Kurt Hirschfeld, a resident of Livonia, Michigan, died on June 20th, 2026 at the age of 101. Funeral services arranged by The Dorfman Chapel.

Kurt was born in Berlin, Germany, May 17, 1925. Both of Kurt’s parents, as well as all four of his sisters, died at the hands of the Nazi’s. Kurt had an older brother, Martin, that escaped Germany and ended up raising a family in Argentina.

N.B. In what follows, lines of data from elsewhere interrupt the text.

lemma (in prob_space) prob_le_prob_plus_strip:
  fixes X Y :: "'a \<Rightarrow> real"
  assumes [measurable]: "random_variable borel X" "random_variable borel Y"
    "S \<in> sets borel" "J \<in> sets borel"
    and strip: "\<And>x y. x \<in> S \<Longrightarrow> y \<notin> S \<Longrightarrow> \<bar>x - y\<bar> < t \<Longrightarrow> x \<in> J"
  shows "prob {\<omega>\<in>space M. X \<omega> \<in> S}
    \<le> prob {\<omega>\<in>space M. Y \<omega> \<in> S} + prob {\<omega>\<in>space M. X \<omega> \<in> J}
      + prob {\<omega>\<in>space M. t \<le> \<bar>X \<omega> - Y \<omega>\<bar>}"
proof -
  let ?Y = "{\<omega>\<in>space M. Y \<omega> \<in> S}" and ?J = "{\<omega>\<in>space M. X \<omega> \<in> J}"
    and ?T = "{\<omega>\<in>space M. t \<le> \<bar>X \<omega> - Y \<omega>\<bar>}"
  have "{\<omega>\<in>space M. X \<omega> \<in> S} \<subseteq> ?Y \<union> ?J \<union> ?T"
  proof
    fix \<omega> assume "\<omega> \<in> {\<omega>\<in>space M. X \<omega> \<in> S}"
    then show "\<omega> \<in> ?Y \<union> ?J \<union> ?T" using strip[of "X \<omega>" "Y \<omega>"] by (auto simp: not_le)
  qed
  then have "prob {\<omega>\<in>space M. X \<omega> \<in> S} \<le> prob (?Y \<union> ?J \<union> ?T)"
    by (intro finite_measure_mono) auto
  also have "\<dots> \<le> prob (?Y \<union> ?J) + prob ?T"
    by (intro measure_subadditive) (auto simp: emeasure_finite)
  also have "prob (?Y \<union> ?J) \<le> prob ?Y + prob ?J"
    by (intro measure_subadditive) (auto simp: emeasure_finite)
  finally show ?thesis by simp
qed
lemma prod_one_minus_le_inverse_one_plus_sum:
  fixes t :: "'a \<Rightarrow> real"
  assumes "finite J" "\<And>p. p \<in> J \<Longrightarrow> 0 \<le> t p \<and> t p \<le> 1"
  shows "(\<Prod>p\<in>J. 1 - t p) \<le> 1 / (1 + (\<Sum>p\<in>J. t p))"
  using assms
proof (induction J rule: finite_induct)
  case (insert a F)
  define T where "T = (\<Sum>p\<in>F. t p)"
  have T: "0 \<le> T"
    unfolding T_def using insert by (auto intro: sum_nonneg)
  have a: "0 \<le> t a" "t a \<le> 1"
    using insert by auto
  have "(\<Prod>p\<in>insert a F. 1 - t p) = (1 - t a) * (\<Prod>p\<in>F. 1 - t p)"
    using insert by simp
  also have "\<dots> \<le> (1 - t a) * (1 / (1 + T))"
    using insert a unfolding T_def by (intro mult_left_mono) auto
  also have "\<dots> \<le> 1 / (1 + (t a + T))"
    using a T by (simp add: field_simps)
  finally show ?case
    using insert unfolding T_def by simp
qed simp

lemma inverse_one_plus_le_deviation:
  fixes s \<mu> :: real
  assumes "0 \<le> s" "0 < \<mu>"
  shows "1 / (1 + s) \<le> 4 * (s - \<mu>)\<^sup>2 / \<mu>\<^sup>2 + 2 / \<mu>"
proof (cases "s \<le> \<mu> / 2")
  case True
  then have "(\<mu> / 2)\<^sup>2 \<le> (\<mu> - s)\<^sup>2"
    using assms by (intro power_mono) auto
  then have "1 \<le> 4 * (s - \<mu>)\<^sup>2 / \<mu>\<^sup>2"
    using assms by (simp add: field_simps power2_commute)
  moreover have "1 / (1 + s) \<le> 1" "0 \<le> 2 / \<mu>"
    using assms by auto
  ultimately show ?thesis
    by linarith
next
  case False
  then have "1 / (1 + s) \<le> 2 / \<mu>"
    using assms by (simp add: field_simps)
  moreover have "0 \<le> 4 * (s - \<mu>)\<^sup>2 / \<mu>\<^sup>2"
    by simp
  ultimately show ?thesis
    by linarith
qed

lemma sum_inverse_squares_le_1:
  assumes "finite J" "\<And>n. n \<in> J \<Longrightarrow> n \<ge> 2"
  shows "(\<Sum>n\<in>J. 1 / (real n)\<^sup>2) \<le> 1"
proof -
  have telescope: "(\<Sum>n\<in>{2..N}. 1 / (real n)\<^sup>2) \<le> 1 - 1 / real N" if "N \<ge> 1" for N :: nat
    using that
  proof (induction N rule: dec_induct)
    case (step n)
    have "1 / (real (Suc n))\<^sup>2 \<le> 1 / (real n * real (Suc n))"
      using step by (intro divide_left_mono) (auto simp: power2_eq_square)
    also have "\<dots> = 1 / real n - 1 / real (Suc n)"
      using step by (simp add: field_simps)
    finally show ?case
      using step by (simp add: atLeastAtMostSuc_conv)
  qed simp
  define N where "N = Max (insert 1 J)"
  have "J \<subseteq> {2..N}" "N \<ge> 1"
    unfolding N_def using assms by auto
  then have "(\<Sum>n\<in>J. 1 / (real n)\<^sup>2) \<le> (\<Sum>n\<in>{2..N}. 1 / (real n)\<^sup>2)"
    by (intro sum_mono2) auto
  also have "\<dots> \<le> 1 - 1 / real N"
    using telescope \<open>N \<ge> 1\<close> .
  also have "\<dots> \<le> 1"
    by simp
  finally show ?thesis .
qed

section \<open>The expected measure of Omega\<close>

lemma prob_space_seq_space: "prob_space seq_space"
  unfolding seq_space_def by (rule prob_space_PiM) (simp add: prob_space_measure_pmf)

lemma seq_space_component_measurable [measurable]: "(\<lambda>a. a p) \<in> seq_space \<rightarrow>\<^sub>M count_space UNIV"
proof (cases "prime p")
  case True
  then have "(\<lambda>a. a p) \<in> seq_space \<rightarrow>\<^sub>M measure_pmf (pmf_of_set {0..<p})"
    unfolding seq_space_def by (intro measurable_component_singleton) simp
  then show ?thesis
    by (simp add: measurable_cong_sets)
next
  case False
  then have "a p = undefined" if "a \<in> space seq_space" for a
    using that by (simp add: seq_space_def space_PiM PiE_def extensional_def)
  then show ?thesis
    by (rule measurable_cong[THEN iffD2, OF _ measurable_const]) auto
qed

Kurt survived the Auschwitz death camp (01/1943 to 01/1945), and the death march back into Germany in January 1945. Kurt’s liberation came on Apri 10, 1945, as the U.S. Third Army, 6th Armored Division,under the command of General George Patton, approached the Buchenwald death camp. At the time of liberation, Kurt was 19 years old and weighed 67 pounds.
After several months of rehabilitation at the Deggendorf displaced persons (DP) camp in Bavaria, Kurt volunteered to work as an intelligence officer with the U.S. Army’s Counterintelligence Corps (CIC). Kurt’s spy work in the local towns led to the arrests of several high-ranking NAZI/SS officers in hiding. Prior to leaving for America in 1947, Kurt received a field promotion to Captain (non-commissioned) and oversaw a detention camp that housed prisoners detained by the CIC.

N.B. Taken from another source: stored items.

text \<open>Ones, Halves and Block vectors are constant on every matching edge, Edge vectors change
  sign across it; Edge and Block vectors sum to zero over each side of the join.\<close>

lemma mj_vector_eigen:
  assumes s: "s \<in> mj_labels p" and i: "i < 4 * p"
  shows "real (2 * p + 1) * mj_vector p s i - mj_vector p s (partner i)
      - (\<Sum>j\<in>opposite_half p i. mj_vector p s j) = mj_eigenvalue p s * mj_vector p s i"
  using s
proof (cases rule: mj_labels_cases)
  case 1
  then show ?thesis
    by (simp add: opposite_half_def)
next
  case 2
  then show ?thesis
    using partner_in_even_interval[of 0 "2 * p" i] by (auto simp: opposite_half_def)
next
  case (3 q)
  have "partner i = 2 * q \<longleftrightarrow> i = 2 * q + 1" "partner i = 2 * q + 1 \<longleftrightarrow> i = 2 * q"
    by (auto simp: partner_def; presburger)+
  moreover have "2 * q \<in> opposite_half p i \<longleftrightarrow> 2 * q + 1 \<in> opposite_half p i"
    by (auto simp: opposite_half_def; presburger)
  then have "(\<Sum>j\<in>opposite_half p i. mj_vector p (Edge q) j) = 0"
    by (simp add: sum_subtractf of_bool_def finite_opposite_half)
  ultimately show ?thesis
    using 3 by (auto simp: algebra_simps)
next
  case (4 b k)
  then show ?thesis
    using sum_block_opposite_half[of b k p i] by (simp add: helmert_partner algebra_simps)
qed

text \<open>For p = 1 the eigenvalues of Halves and Edge vectors coincide, hence 2 \<le> p.\<close>

lemma mj_vector_orthogonal:
  assumes "2 \<le> p" and s: "s \<in> mj_labels p" and t: "t \<in> mj_labels p"
    and "s \<noteq> t" and same: "mj_eigenvalue p s = mj_eigenvalue p t"
  shows "(\<Sum>i<4 * p. mj_vector p s i * mj_vector p t i) = 0"
  using s
proof (cases rule: mj_labels_cases)
  case (3 q)
  from t obtain q' where "t = Edge q'" "q \<noteq> q'"
    using 3 same \<open>2 \<le> p\<close> \<open>s \<noteq> t\<close> by (cases rule: mj_labels_cases) auto
  then show ?thesis
    using 3 by (intro sum.neutral) auto
next
  case (4 b k)
  from t obtain b' k' where t': "t = Block b' k'" "b' < 2" "k' < p" "(b, k) \<noteq> (b', k')"
    using 4 same \<open>2 \<le> p\<close> \<open>s \<noteq> t\<close> by (cases rule: mj_labels_cases) auto
  show ?thesis
  proof (cases "b = b'")
    case True
    have "2 * p * b + 2 * max k k' + 2 \<le> 4 * p"
      using 4 t' by (auto simp: max_def less_2_cases_iff)
    then show ?thesis
      using 4 t' True by (simp add: helmert_orthogonal)
  next
    case False
    then have "helmert 2 (2 * p * b) k i = 0 \<or> helmert 2 (2 * p * b') k' i = 0" for i
      using 4 t' by (auto intro!: helmert_eq_0 simp: less_2_cases_iff)
    then show ?thesis
      using 4 t' by (intro sum.neutral) auto
  qed
qed (use t same \<open>2 \<le> p\<close> \<open>s \<noteq> t\<close> in \<open>auto elim: mj_labels_cases\<close>)

lemma mj_vector_nonzero:
  assumes "1 \<le> p" "s \<in> mj_labels p"
  shows "\<exists>i<4 * p. mj_vector p s i \<noteq> 0"
  using assms(2)
proof (cases rule: mj_labels_cases)
  case (3 q)
  then show ?thesis
    by (intro exI[of _ "2 * q"]) simp
next
  case (4 b k)
  then show ?thesis
    by (intro exI[of _ "2 * p * b"]) (auto simp: helmert_start less_2_cases_iff)
qed (use assms in \<open>auto intro!: exI[of _ 0]\<close>)

lemma sum_mj_labels:
  "(\<Sum>s\<in>mj_labels p. f s) = f Ones + f Halves + (\<Sum>q<2 * p. f (Edge q))
    + (\<Sum>b<2. \<Sum>k\<in>{1..<p}. f (Block b k))"
proof -
  let ?E = "Edge ` {..<2 * p}" and ?B = "(\<lambda>(b, k). Block b k) ` ({..<2} \<times> {1..<p})"
  have "mj_labels p = insert Ones (insert Halves (?E \<union> ?B))"
    "Ones \<notin> insert Halves (?E \<union> ?B)" "Halves \<notin> ?E \<union> ?B"
    by (auto simp: mj_labels_def)
  then have "(\<Sum>s\<in>mj_labels p. f s) = f Ones + f Halves + (\<Sum>s\<in>?E \<union> ?B. f s)"
    by (simp add: add.assoc)
  also have "\<dots> = f Ones + f Halves + (\<Sum>s\<in>?E. f s)
      + (\<Sum>s\<in>?B. f s)"
    by (subst sum.union_disjoint) (auto simp: add.assoc)
  also have "\<dots> = f Ones + f Halves + (\<Sum>q<2 * p. f (Edge q))
      + (\<Sum>b<2. \<Sum>k\<in>{1..<p}. f (Block b k))"
    by (simp add: sum.reindex inj_on_def sum.cartesian_product case_prod_beta)
  finally show ?thesis .
qed

lemma finite_mj_labels: "finite (mj_labels p)"
  by (simp add: mj_labels_def)

lemma card_mj_labels:
  assumes "1 \<le> p"
  shows "card (mj_labels p) = 4 * p"
proof -
  have "card (mj_labels p) = (\<Sum>s\<in>mj_labels p. 1)"
    by simp
  also have "\<dots> = 2 + 2 * p + 2 * (p - 1)"
    unfolding sum_mj_labels by simp
  also have "\<dots> = 4 * p"
    using assms by simp
  finally show ?thesis .
qed

lemma laplacian_spectrum_matching_join:
  assumes "2 \<le> p"
  shows "laplacian_spectrum (matching_join p)
    = image_mset (\<lambda>s. complex_of_real (mj_eigenvalue p s)) (mset_set (mj_labels p))"
proof (rule laplacian_spectrum_eq_eigenvalues[where v = "mj_vector p"])
  fix s i assume "s \<in> mj_labels p" "i < order (matching_join p)"
  then show "real (degree (matching_join p) i) * mj_vector p s i
      - (\<Sum>j\<in>neighbours (matching_join p) i. mj_vector p s j) = mj_eigenvalue p s * mj_vector p s i"
    using mj_vector_eigen[of s p i] by (simp add: order_matching_join laplacian_action_matching_join)
qed (use assms in \<open>simp_all add: simple_graph_matching_join finite_mj_labels card_mj_labels
    order_matching_join mj_vector_orthogonal mj_vector_nonzero\<close>)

Kurt immigrated to the United States (New York City) in 1947, where he met up with Wilma Poculla, a friend he had first met in the Deggendorf DP Camp. Wilma was also from Berlin and had survived the Theresienstadt death camp in occupied Czechoslovakia. They married in 1948 and their marriage lasted until Wilma’s passing in 2003. They moved to Detroit in 1953, where Kurt found work in both auto and aerospace industries as a toolmaker and precision lathe hand.